• **TASK PROMPT**: Please reply with one number only: how many lines in the entries below contain the string "shows".

• **RECORDS FOR THIS TASK**:

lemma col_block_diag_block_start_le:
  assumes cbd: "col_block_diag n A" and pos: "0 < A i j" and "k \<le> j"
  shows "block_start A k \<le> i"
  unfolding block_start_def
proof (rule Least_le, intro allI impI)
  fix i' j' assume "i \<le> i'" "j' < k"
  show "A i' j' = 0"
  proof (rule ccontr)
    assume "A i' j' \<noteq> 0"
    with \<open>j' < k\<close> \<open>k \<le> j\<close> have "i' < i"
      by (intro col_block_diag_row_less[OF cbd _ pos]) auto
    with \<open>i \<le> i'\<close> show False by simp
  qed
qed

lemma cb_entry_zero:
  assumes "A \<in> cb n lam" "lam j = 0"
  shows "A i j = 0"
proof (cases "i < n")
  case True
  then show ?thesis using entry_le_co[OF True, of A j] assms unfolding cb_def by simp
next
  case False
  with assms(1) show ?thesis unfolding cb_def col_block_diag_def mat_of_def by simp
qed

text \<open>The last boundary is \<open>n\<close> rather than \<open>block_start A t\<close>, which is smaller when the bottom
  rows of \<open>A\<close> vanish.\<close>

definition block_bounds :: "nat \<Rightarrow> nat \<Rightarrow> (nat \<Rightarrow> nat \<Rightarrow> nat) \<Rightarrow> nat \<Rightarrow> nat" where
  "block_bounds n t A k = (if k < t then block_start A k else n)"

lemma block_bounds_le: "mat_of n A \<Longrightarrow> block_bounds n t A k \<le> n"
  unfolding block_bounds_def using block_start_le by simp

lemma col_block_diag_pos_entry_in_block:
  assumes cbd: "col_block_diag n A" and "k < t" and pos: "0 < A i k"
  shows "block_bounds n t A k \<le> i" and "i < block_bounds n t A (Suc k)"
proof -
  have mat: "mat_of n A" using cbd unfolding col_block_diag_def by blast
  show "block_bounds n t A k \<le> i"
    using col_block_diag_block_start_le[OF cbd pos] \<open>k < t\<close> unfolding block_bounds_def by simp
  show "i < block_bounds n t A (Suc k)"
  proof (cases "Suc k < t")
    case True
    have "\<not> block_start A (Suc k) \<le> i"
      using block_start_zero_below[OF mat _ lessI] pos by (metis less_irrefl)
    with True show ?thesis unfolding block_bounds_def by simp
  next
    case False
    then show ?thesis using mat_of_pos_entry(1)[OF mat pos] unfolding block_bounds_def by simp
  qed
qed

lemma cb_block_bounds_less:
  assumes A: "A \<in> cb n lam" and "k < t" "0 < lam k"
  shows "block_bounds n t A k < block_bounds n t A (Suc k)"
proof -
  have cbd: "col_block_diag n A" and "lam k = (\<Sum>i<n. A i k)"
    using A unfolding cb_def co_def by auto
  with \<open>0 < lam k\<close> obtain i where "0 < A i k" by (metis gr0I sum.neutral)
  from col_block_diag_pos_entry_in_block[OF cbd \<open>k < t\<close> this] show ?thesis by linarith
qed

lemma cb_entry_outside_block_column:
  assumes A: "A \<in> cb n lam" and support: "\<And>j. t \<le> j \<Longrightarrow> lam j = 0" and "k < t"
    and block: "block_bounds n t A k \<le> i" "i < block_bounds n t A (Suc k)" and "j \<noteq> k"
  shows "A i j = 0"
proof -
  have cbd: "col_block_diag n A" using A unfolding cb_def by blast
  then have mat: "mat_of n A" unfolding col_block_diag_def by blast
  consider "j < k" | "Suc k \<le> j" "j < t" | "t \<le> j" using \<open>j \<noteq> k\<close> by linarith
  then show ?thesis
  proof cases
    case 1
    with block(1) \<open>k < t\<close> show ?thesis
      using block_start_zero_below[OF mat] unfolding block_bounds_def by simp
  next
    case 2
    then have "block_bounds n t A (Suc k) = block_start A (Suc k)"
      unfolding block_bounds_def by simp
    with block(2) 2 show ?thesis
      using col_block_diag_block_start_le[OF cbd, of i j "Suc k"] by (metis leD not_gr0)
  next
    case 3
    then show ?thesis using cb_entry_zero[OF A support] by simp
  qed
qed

--

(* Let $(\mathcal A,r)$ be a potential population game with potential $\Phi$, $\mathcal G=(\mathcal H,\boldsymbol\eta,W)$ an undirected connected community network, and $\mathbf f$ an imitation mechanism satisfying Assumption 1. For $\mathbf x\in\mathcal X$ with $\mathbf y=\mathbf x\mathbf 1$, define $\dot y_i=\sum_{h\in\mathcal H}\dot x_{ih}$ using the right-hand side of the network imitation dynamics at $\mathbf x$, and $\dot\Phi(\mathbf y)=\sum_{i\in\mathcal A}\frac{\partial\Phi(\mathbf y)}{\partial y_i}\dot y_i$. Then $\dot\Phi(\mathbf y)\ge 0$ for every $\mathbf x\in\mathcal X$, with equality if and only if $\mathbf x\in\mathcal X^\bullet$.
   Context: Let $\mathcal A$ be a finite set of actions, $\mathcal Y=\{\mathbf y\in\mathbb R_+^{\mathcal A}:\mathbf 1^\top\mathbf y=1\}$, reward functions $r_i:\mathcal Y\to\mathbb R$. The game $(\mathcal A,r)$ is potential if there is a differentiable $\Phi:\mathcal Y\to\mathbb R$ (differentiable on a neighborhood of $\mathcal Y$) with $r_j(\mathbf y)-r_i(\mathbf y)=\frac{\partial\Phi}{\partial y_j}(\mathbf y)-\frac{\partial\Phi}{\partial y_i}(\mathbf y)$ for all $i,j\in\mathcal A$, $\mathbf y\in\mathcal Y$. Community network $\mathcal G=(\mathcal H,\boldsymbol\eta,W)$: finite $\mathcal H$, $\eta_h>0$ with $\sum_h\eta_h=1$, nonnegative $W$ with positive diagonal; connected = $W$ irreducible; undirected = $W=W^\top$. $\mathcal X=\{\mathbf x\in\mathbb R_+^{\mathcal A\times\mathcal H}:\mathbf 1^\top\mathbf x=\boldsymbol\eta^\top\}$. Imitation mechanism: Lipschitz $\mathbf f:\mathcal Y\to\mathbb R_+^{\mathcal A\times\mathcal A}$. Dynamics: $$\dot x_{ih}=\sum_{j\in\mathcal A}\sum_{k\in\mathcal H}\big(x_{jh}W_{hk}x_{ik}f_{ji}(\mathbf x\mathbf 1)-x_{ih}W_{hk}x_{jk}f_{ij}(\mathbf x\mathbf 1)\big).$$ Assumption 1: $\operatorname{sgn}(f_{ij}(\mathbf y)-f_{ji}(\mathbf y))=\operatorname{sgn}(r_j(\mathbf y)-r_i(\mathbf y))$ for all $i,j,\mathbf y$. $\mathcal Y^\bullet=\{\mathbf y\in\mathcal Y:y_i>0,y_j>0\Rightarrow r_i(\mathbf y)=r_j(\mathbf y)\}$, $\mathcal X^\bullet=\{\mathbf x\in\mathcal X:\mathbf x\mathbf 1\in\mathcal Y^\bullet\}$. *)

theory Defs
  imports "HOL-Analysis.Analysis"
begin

* * *

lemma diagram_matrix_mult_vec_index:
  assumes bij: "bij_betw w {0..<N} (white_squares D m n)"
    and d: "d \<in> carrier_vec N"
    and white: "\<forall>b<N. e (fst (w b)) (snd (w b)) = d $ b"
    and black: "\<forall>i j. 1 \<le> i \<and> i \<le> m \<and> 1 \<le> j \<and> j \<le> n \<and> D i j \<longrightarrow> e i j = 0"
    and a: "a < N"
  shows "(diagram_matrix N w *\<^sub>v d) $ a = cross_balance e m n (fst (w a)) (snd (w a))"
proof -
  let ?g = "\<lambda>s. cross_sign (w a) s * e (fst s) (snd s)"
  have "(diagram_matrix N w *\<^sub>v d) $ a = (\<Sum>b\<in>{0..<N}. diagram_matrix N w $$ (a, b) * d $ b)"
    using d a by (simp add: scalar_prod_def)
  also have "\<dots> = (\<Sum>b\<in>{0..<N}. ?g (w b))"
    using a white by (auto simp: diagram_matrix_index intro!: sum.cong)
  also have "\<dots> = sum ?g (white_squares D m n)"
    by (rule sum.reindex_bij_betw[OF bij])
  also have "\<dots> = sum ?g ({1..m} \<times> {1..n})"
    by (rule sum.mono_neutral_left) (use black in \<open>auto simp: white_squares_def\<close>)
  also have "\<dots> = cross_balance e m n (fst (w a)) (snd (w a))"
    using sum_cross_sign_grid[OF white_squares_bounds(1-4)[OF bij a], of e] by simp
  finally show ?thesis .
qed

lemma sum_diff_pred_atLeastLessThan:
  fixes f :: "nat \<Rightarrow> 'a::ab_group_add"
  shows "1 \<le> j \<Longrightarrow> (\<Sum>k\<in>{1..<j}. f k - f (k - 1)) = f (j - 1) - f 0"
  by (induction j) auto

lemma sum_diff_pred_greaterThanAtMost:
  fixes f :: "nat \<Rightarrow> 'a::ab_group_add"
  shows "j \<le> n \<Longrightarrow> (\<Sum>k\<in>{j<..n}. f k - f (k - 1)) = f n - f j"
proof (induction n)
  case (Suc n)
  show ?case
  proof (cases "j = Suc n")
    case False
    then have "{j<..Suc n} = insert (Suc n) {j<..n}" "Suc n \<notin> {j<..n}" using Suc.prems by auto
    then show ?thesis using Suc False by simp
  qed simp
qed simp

• **SOLUTION TO THIS EXERCISE**: 8